On Sat, May 05 2018, Tom Herbert wrote:

> On Sat, May 5, 2018 at 2:43 AM, Herbert Xu <herbert@...dor.apana.org.au> wrote:
>> On Fri, May 04, 2018 at 01:54:14PM +1000, NeilBrown wrote:
>>> rhashtable_walk_prev() returns the object returned by
>>> the previous rhashtable_walk_next(), providing it is still in the
>>> table (or was during this grace period).
>>> This works even if rhashtable_walk_stop() and rhashtable_talk_start()
>>> have been called since the last rhashtable_walk_next().
>>>
>>> If there have been no calls to rhashtable_walk_next(), or if the
>>> object is gone from the table, then NULL is returned.
>>>
>>> This can usefully be used in a seq_file ->start() function.
>>> If the pos is the same as was returned by the last ->next() call,
>>> then rhashtable_walk_prev() can be used to re-establish the
>>> current location in the table.  If it returns NULL, then
>>> rhashtable_walk_next() should be used.
>>>
>>> Signed-off-by: NeilBrown <neilb@...e.com>
>>
>> I will ack this if Tom is OK with replacing peek with it.
>>
> I'm not following why this is any better than peek. The point of
> having rhashtable_walk_peek is to to allow the caller to get then
> current element not the next one. This is needed when table is read in
> multiple parts and we need to pick up with what was returned from the
> last call to rhashtable_walk_next (which apparently is what this patch
> is also trying to do).
>
> There is one significant difference in that peek will return the
> element in the table regardless of where the iterator is at (this is
> why peek can move the iterator) and only returns NULL at end of table.
> As mentioned above rhashtable_walk_prev can return NULL so then caller
> needs and so rhashtable_walk_next "should be used" to get the previous
> element. Doing a peek is a lot cleaner and more straightforward API in
> this regard.

Thanks for the review.  I agree with a lot of what you say about the
behavior of the different implementations.
One important difference is the documentation.  The current
documentation for rhashtable_walk_peek() is wrong.   For example it says
that the function doesn't change the iterator, but sometimes it does.
The first rhashtable patch I submitted tried to fix this up, but it is
hard to document the function clearly because it really is doing one of
two different things.  It returns the previous element if it still
exists, or it returns the next one.  With my rhashtable_walk_prev(),
that can be done with
  rhashtable_walk_prev() ?: rhashtable_walk_next();

Both of these functions can easily be documented clearly.
We could combine the two as you have done, but "peek" does seem like a
good name.  "prev_or_next" is more honest, but somewhat clumsy.
Whether that is a good thing or not is partly a matter of taste, and we
seem to be on opposite sides of that fence.
There is a practical aspect to it though.
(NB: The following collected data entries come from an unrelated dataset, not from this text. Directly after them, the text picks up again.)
(* For all closed terms $P,Q\in\mathcal S_A$: $\mathrm{EqFSCL}\vdash P=Q$ if and only if $\mathbb M_{se}\models P=Q$, i.e. if and only if $se(P)=se(Q)$.
   Context: Let $A$ be a nonempty set of atoms. The signature $\Sigma_{SCL}(A)$ consists of the constants $\mathsf T,\mathsf F$, each atom $a\in A$ as a constant, unary negation $\neg$, and binary connectives $x\land^\circ y$ (left-sequential conjunction) and $x\lor^\circ y$ (left-sequential disjunction). $\mathcal S_A$ is the set of closed terms over $\Sigma_{SCL}(A)$. EqFSCL is the following set of equations in variables $x,y,z$: (F1) $\mathsf F=\neg\mathsf T$; (F2) $x\lor^\circ y=\neg(\neg x\land^\circ\neg y)$; (F3) $\neg\neg x=x$; (F4) $\mathsf T\land^\circ x=x$; (F5) $x\lor^\circ\mathsf F=x$; (F6) $\mathsf F\land^\circ x=\mathsf F$; (F7) $(x\land^\circ y)\land^\circ z=x\land^\circ(y\land^\circ z)$; (F8) $\neg x\land^\circ\mathsf F=x\land^\circ\mathsf F$; (F9) $(x\land^\circ\mathsf F)\lor^\circ y=(x\lor^\circ\mathsf T)\land^\circ y$; (F10) $(x\land^\circ y)\lor^\circ(z\land^\circ\mathsf F)=(x\lor^\circ(z\land^\circ\mathsf F))\land^\circ(y\lor^\circ(z\land^\circ\mathsf F))$. $E\vdash s=t$ means derivability in equational logic from $E$. Evaluation trees $\mathcal T_A$: $\mathsf T,\mathsf F\in\mathcal T_A$ and $(X\unlhd a\unrhd Y)\in\mathcal T_A$ for $X,Y\in\mathcal T_A$, $a\in A$ (root $a$, left branch $X$, right branch $Y$). Leaf replacement: $\mathsf T[\mathsf T\mapsto Y,\mathsf F\mapsto Z]=Y$, $\mathsf F[\mathsf T\mapsto Y,\mathsf F\mapsto Z]=Z$, $(X_1\unlhd a\unrhd X_2)[\mathsf T\mapsto Y,\mathsf F\mapsto Z]=X_1[\ldots]\unlhd a\unrhd X_2[\ldots]$; omitted replacements are identities. $se:\mathcal S_A\to\mathcal T_A$: $se(\mathsf T)=\mathsf T$, $se(\mathsf F)=\mathsf F$, $se(a)=\mathsf T\unlhd a\unrhd\mathsf F$, $se(\neg P)=se(P)[\mathsf T\mapsto\mathsf F,\mathsf F\mapsto\mathsf T]$, $se(P\land^\circ Q)=se(P)[\mathsf T\mapsto se(Q)]$, $se(P\lor^\circ Q)=se(P)[\mathsf F\mapsto se(Q)]$. $\mathbb M_{se}$ is the $\Sigma_{SCL}(A)$-algebra with domain $\{se(P)\mid P\in\mathcal S_A\}$ interpreting $\mathsf T,\mathsf F,a$ as $\mathsf T,\mathsf F,\mathsf T\unlhd a\unrhd\mathsf F$ and $\neg X=X[\mathsf T\mapsto\mathsf F,\mathsf F\mapsto\mathsf T]$, $X\land^\circ Y=X[\mathsf T\mapsto Y]$, $X\lor^\circ Y=X[\mathsf F\mapsto Y]$; so the interpretation of a closed term $P$ is $se(P)$. *)

theory Defs
  imports Main
begin

text \<open>Closed terms over Sigma_SCL(A); the atom set A is the (nonempty) type 'a.\<close>
datatype 'a sterm = ST | SF | SAtom 'a | SNeg "'a sterm"
  | SAnd "'a sterm" "'a sterm" | SOr "'a sterm" "'a sterm"

datatype ('a, 'v) tm = Var 'v | Tt | Ft | At 'a | Neg "('a, 'v) tm"
  | LAnd "('a, 'v) tm" "('a, 'v) tm" | LOr "('a, 'v) tm" "('a, 'v) tm"

fun subst :: "('v \<Rightarrow> ('a, 'w) tm) \<Rightarrow> ('a, 'v) tm \<Rightarrow> ('a, 'w) tm" where
  "subst s (Var v) = s v"
| "subst s Tt = Tt"
| "subst s Ft = Ft"
| "subst s (At a) = At a"
| "subst s (Neg x) = Neg (subst s x)"
| "subst s (LAnd x y) = LAnd (subst s x) (subst s y)"
| "subst s (LOr x y) = LOr (subst s x) (subst s y)"

fun emb :: "'a sterm \<Rightarrow> ('a, 'v) tm" where
  "emb ST = Tt"
| "emb SF = Ft"
| "emb (SAtom a) = At a"
| "emb (SNeg x) = Neg (emb x)"
| "emb (SAnd x y) = LAnd (emb x) (emb y)"
| "emb (SOr x y) = LOr (emb x) (emb y)"

definition EqFSCL :: "(('a, nat) tm \<times> ('a, nat) tm) set" where
  "EqFSCL = (let x = Var 0; y = Var 1; z = Var 2 in
    { (Ft, Neg Tt)
    , (LOr x y, Neg (LAnd (Neg x) (Neg y)))
    , (Neg (Neg x), x)
    , (LAnd Tt x, x)
    , (LOr x Ft, x)
    , (LAnd Ft x, Ft)
    , (LAnd (LAnd x y) z, LAnd x (LAnd y z))
    , (LAnd (Neg x) Ft, LAnd x Ft)
    , (LOr (LAnd x Ft) y, LAnd (LOr x Tt) y)
    , (LOr (LAnd x y) (LAnd z Ft), LAnd (LOr x (LAnd z Ft)) (LOr y (LAnd z Ft))) })"

inductive derivable :: "(('a, 'v) tm \<times> ('a, 'v) tm) set \<Rightarrow> ('a, 'v) tm \<Rightarrow> ('a, 'v) tm \<Rightarrow> bool"
  for E where
  ax: "(l, r) \<in> E \<Longrightarrow> derivable E (subst s l) (subst s r)"
| refl: "derivable E t t"
| sym: "derivable E t u \<Longrightarrow> derivable E u t"
| trans: "derivable E t u \<Longrightarrow> derivable E u w \<Longrightarrow> derivable E t w"
| cong_Neg: "derivable E t u \<Longrightarrow> derivable E (Neg t) (Neg u)"
| cong_And: "derivable E t1 u1 \<Longrightarrow> derivable E t2 u2 \<Longrightarrow> derivable E (LAnd t1 t2) (LAnd u1 u2)"
| cong_Or: "derivable E t1 u1 \<Longrightarrow> derivable E t2 u2 \<Longrightarrow> derivable E (LOr t1 t2) (LOr u1 u2)"

text \<open>Evaluation trees: ENode X a Y is X \<unlhd> a \<unrhd> Y.\<close>
datatype 'a etree = ET | EF | ENode "'a etree" 'a "'a etree"

fun repl :: "'a etree \<Rightarrow> 'a etree \<Rightarrow> 'a etree \<Rightarrow> 'a etree" where
  "repl ET Y Z = Y"
| "repl EF Y Z = Z"
| "repl (ENode X1 a X2) Y Z = ENode (repl X1 Y Z) a (repl X2 Y Z)"

fun se :: "'a sterm \<Rightarrow> 'a etree" where
  "se ST = ET"
| "se SF = EF"
| "se (SAtom a) = ENode ET a EF"
| "se (SNeg P) = repl (se P) EF ET"
| "se (SAnd P Q) = repl (se P) (se Q) EF"
| "se (SOr P Q) = repl (se P) ET (se Q)"

end

theory Submission
  imports Defs
begin

text \<open>Soundness: every equation of EqFSCL holds in the evaluation-tree model for every
  valuation of its variables. Completeness: every closed term is provably equal to a normal
  form in the sense of the paper -- a T-term, an F-term \<open>P \<and>\<^sup>\<circ> F\<close>, or \<open>P \<and>\<^sup>\<circ> c\<close> with \<open>P\<close> a
  T-term and \<open>c\<close> a \<open>*\<close>-term built from \<open>\<ell>\<close>-terms by left-normalised sequential conjunctions
  and disjunctions -- and \<open>se\<close> is injective on normal forms. Injectivity rests on the monoid
  of trees under \<open>X \<cdot> Y = X[T \<mapsto> Y]\<close>: it is right cancellative, it satisfies a Levi
  lemma, and the tree of a \<open>*\<close>-term, which has both \<open>T\<close>- and \<open>F\<close>-leaves, has no nontrivial
  \<open>F\<close>-free left factor. This pins down the T-term prefix, then the outermost connective
  of the \<open>*\<close>-term, and recursively its components.\<close>

section \<open>Leaf replacement\<close>

fun has_T :: "'a etree \<Rightarrow> bool" where
  "has_T ET = True"
| "has_T EF = False"
| "has_T (ENode L a R) = (has_T L \<or> has_T R)"

fun has_F :: "'a etree \<Rightarrow> bool" where
  "has_F ET = False"
| "has_F EF = True"
| "has_F (ENode L a R) = (has_F L \<or> has_F R)"

lemma repl_repl: "repl (repl X A B) C D = repl X (repl A C D) (repl B C D)"
  by (induction X) auto

lemma repl_ET_EF [simp]: "repl X ET EF = X"
  by (induction X) auto

lemma has_T_or_has_F: "has_T X \<or> has_F X"
  by (induction X) auto

lemma has_T_if_not_has_F: "\<not> has_F X \<Longrightarrow> has_T X"
  using has_T_or_has_F by blast

lemma has_T_repl [simp]: "has_T (repl X Y Z) \<longleftrightarrow> has_T X \<and> has_T Y \<or> has_F X \<and> has_T Z"
  by (induction X) auto

lemma has_F_repl [simp]: "has_F (repl X Y Z) \<longleftrightarrow> has_T X \<and> has_F Y \<or> has_F X \<and> has_F Z"
  by (induction X) auto

lemma repl_cong_no_F: "\<not> has_F X \<Longrightarrow> repl X Y Z = repl X Y W"
  by (induction X) auto

lemma repl_cong_no_T: "\<not> has_T X \<Longrightarrow> repl X Y Z = repl X W Z"
  by (induction X) auto

lemma repl_no_T: "\<not> has_T X \<Longrightarrow> repl X Y EF = X"
  using repl_cong_no_T[of X Y EF ET] by simp

lemma repl_no_F: "\<not> has_F X \<Longrightarrow> repl X ET Z = X"
  using repl_cong_no_F[of X ET Z EF] by simp

lemma repl_EF_EF_inj:
  "repl X EF EF = repl Y EF EF \<Longrightarrow> \<not> has_F X \<Longrightarrow> \<not> has_F Y \<Longrightarrow> X = Y"
proof (induction X arbitrary: Y)
  case ET
  then show ?case by (cases Y) auto
next
  case EF
  then show ?case by simp
next
  case (ENode L a R)
  then show ?case by (cases Y) auto
qed

definition tree_neg :: "'a etree \<Rightarrow> 'a etree" where
  "tree_neg X = repl X EF ET"

lemma tree_neg_tree_neg [simp]: "tree_neg (tree_neg X) = X"
  unfolding tree_neg_def by (simp add: repl_repl)

lemma tree_neg_inj: "tree_neg X = tree_neg Y \<Longrightarrow> X = Y"
  by (metis tree_neg_tree_neg)

lemma repl_tree_neg: "repl (tree_neg X) Y Z = repl X Z Y"
  unfolding tree_neg_def by (simp add: repl_repl)

lemma tree_neg_repl_F: "tree_neg (repl X ET Z) = repl (tree_neg X) (tree_neg Z) EF"
  unfolding tree_neg_def by (simp add: repl_repl)

lemma has_T_tree_neg [simp]: "has_T (tree_neg X) = has_F X"
  unfolding tree_neg_def by auto

section \<open>Cancellation and factorization\<close>

lemma size_repl_T: "has_T V \<Longrightarrow> size B \<le> size (repl V B Z)"
  by (induction V) auto

lemma repl_T_eq_self: "has_T B \<Longrightarrow> repl V B EF = B \<Longrightarrow> V = ET"
proof (cases V)
  case (ENode L a R)
  assume B: "has_T B" "repl V B EF = B"
  show ?thesis
  proof (cases "has_T V")
    case True
    then have "has_T L \<or> has_T R" using ENode by simp
    then have "size B < size (repl V B EF)"
      using ENode size_repl_T[of L B EF] size_repl_T[of R B EF] by auto
    then show ?thesis using B by simp
  next
    case False
    then show ?thesis using B repl_no_T[of V B] by simp
  qed
qed auto

lemma repl_T_right_cancel:
  assumes "has_T B"
  shows "repl V B EF = repl V' B EF \<Longrightarrow> V = V'"
proof (induction V arbitrary: V')
  case ET
  then show ?case using repl_T_eq_self[OF assms, of V'] by simp
next
  case EF
  then show ?case using assms by (cases V') auto
next
  case (ENode L a R)
  then show ?case using repl_T_eq_self[OF assms, of "ENode L a R"] by (cases V') auto
qed

lemma repl_F_right_cancel:
  assumes "has_F B" and "repl V ET B = repl V' ET B"
  shows "V = V'"
proof -
  have "repl (tree_neg V) (tree_neg B) EF = repl (tree_neg V') (tree_neg B) EF"
    using arg_cong[OF assms(2), of tree_neg] by (simp add: tree_neg_repl_F)
  then show ?thesis
    using repl_T_right_cancel[of "tree_neg B"] assms(1) tree_neg_inj by auto
qed

lemma repl_T_comparable:
  "repl A B EF = repl A' B' EF \<Longrightarrow> has_T A \<Longrightarrow>
   (\<exists>V. B = repl V B' EF) \<or> (\<exists>V. B' = repl V B EF)"
proof (induction A arbitrary: A')
  case ET
  then show ?case by auto
next
  case EF
  then show ?case by simp
next
  case (ENode A1 a A2)
  show ?case
  proof (cases A')
    case (ENode A1' a' A2')
    then have "repl A1 B EF = repl A1' B' EF" "repl A2 B EF = repl A2' B' EF"
      using ENode.prems(1) by simp_all
    then show ?thesis using ENode.IH ENode.prems(2) by auto
  next
    case ET
    then have "B' = repl (ENode A1 a A2) B EF" using ENode.prems(1) by simp
    then show ?thesis by blast
  qed (use ENode.prems in simp)
qed
definition Phi_dens :: "real \<Rightarrow> ('a::euclidean_space measure \<Rightarrow> 'a \<Rightarrow> real) \<Rightarrow> ('a \<Rightarrow> real)
    \<Rightarrow> 'a measure \<Rightarrow> 'a \<Rightarrow> real" where
  "Phi_dens \<sigma> dF U m x = exp (- 2 / \<sigma>\<^sup>2 * dF m x - U x)
      / (\<integral>y. exp (- 2 / \<sigma>\<^sup>2 * dF m y - U y) \<partial>lborel)"

definition Phi :: "real \<Rightarrow> ('a::euclidean_space measure \<Rightarrow> 'a \<Rightarrow> real) \<Rightarrow> ('a \<Rightarrow> real)
    \<Rightarrow> 'a measure \<Rightarrow> 'a measure" where
  "Phi \<sigma> dF U m = density lborel (\<lambda>x. ennreal (Phi_dens \<sigma> dF U m x))"

text \<open>Solution in W_p of dm/dt = alpha (Phi(m_t) - m_t), in the weak (distributional) sense,
  written in integrated form against continuous compactly supported test functions.\<close>
definition efp_solution :: "real \<Rightarrow> real \<Rightarrow> real \<Rightarrow> ('a::euclidean_space measure \<Rightarrow> 'a \<Rightarrow> real)
    \<Rightarrow> ('a \<Rightarrow> real) \<Rightarrow> (real \<Rightarrow> 'a measure) \<Rightarrow> bool" where
  "efp_solution p \<sigma> \<alpha> dF U m \<longleftrightarrow>
     (\<forall>t\<ge>0. m t \<in> probs_q p)
   \<and> (\<forall>t\<ge>0. \<forall>\<epsilon>>0. \<exists>\<delta>>0. \<forall>t'\<ge>0. \<bar>t' - t\<bar> < \<delta> \<longrightarrow> Wp p (m t') (m t) < \<epsilon>)
   \<and> (\<forall>\<phi>::'a \<Rightarrow> real. continuous_on UNIV \<phi> \<and> compact (closure {x. \<phi> x \<noteq> 0}) \<longrightarrow>
        (\<forall>t\<ge>0. (\<integral>x. \<phi> x \<partial>m t) - (\<integral>x. \<phi> x \<partial>m 0)
            = (LINT u:{0..t}|lborel. \<alpha> * ((\<integral>x. \<phi> x \<partial>Phi \<sigma> dF U (m u)) - (\<integral>x. \<phi> x \<partial>m u)))))"

text \<open>The density of m_t given by the Duhamel formula (rho0 = density of m_0).\<close>
definition efp_dens :: "real \<Rightarrow> real \<Rightarrow> ('a::euclidean_space measure \<Rightarrow> 'a \<Rightarrow> real) \<Rightarrow> ('a \<Rightarrow> real)
    \<Rightarrow> (real \<Rightarrow> 'a measure) \<Rightarrow> ('a \<Rightarrow> real) \<Rightarrow> real \<Rightarrow> 'a \<Rightarrow> real" where
  "efp_dens \<sigma> \<alpha> dF U m \<rho>0 t x =
     (LINT u:{0..t}|lborel. \<alpha> * exp (- \<alpha> * (t - u)) * Phi_dens \<sigma> dF U (m u) x)
     + exp (- \<alpha> * t) * \<rho>0 x"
Lustre has a debugfs seq_file which shows all the cached pages of all
the cached object.  The objects are in a hashtable (which I want to
change to an rhashtable).  So the seq_file iterator has both an
rhashtable iterator an offset in the object.

When we restart a walk, we might be in the middle of some object - but
that object might have been removed from the cache, so we would need to
go on to the first page of the next object.
Using my interface I can do

 obj = rhashtable_walk_prev(&iter.rhash_iter);
 offset = iter.offset;
 if (!obj) {
    obj = rhashtable_walk_next(&iter.rhash_iter)
    offset = 0;
 }

I could achieve something similar with your interface if I kept an extra
copy of the previous object and compared with the value returned by
rhashtable_walk_peek(), but (to me) that seems like double handling.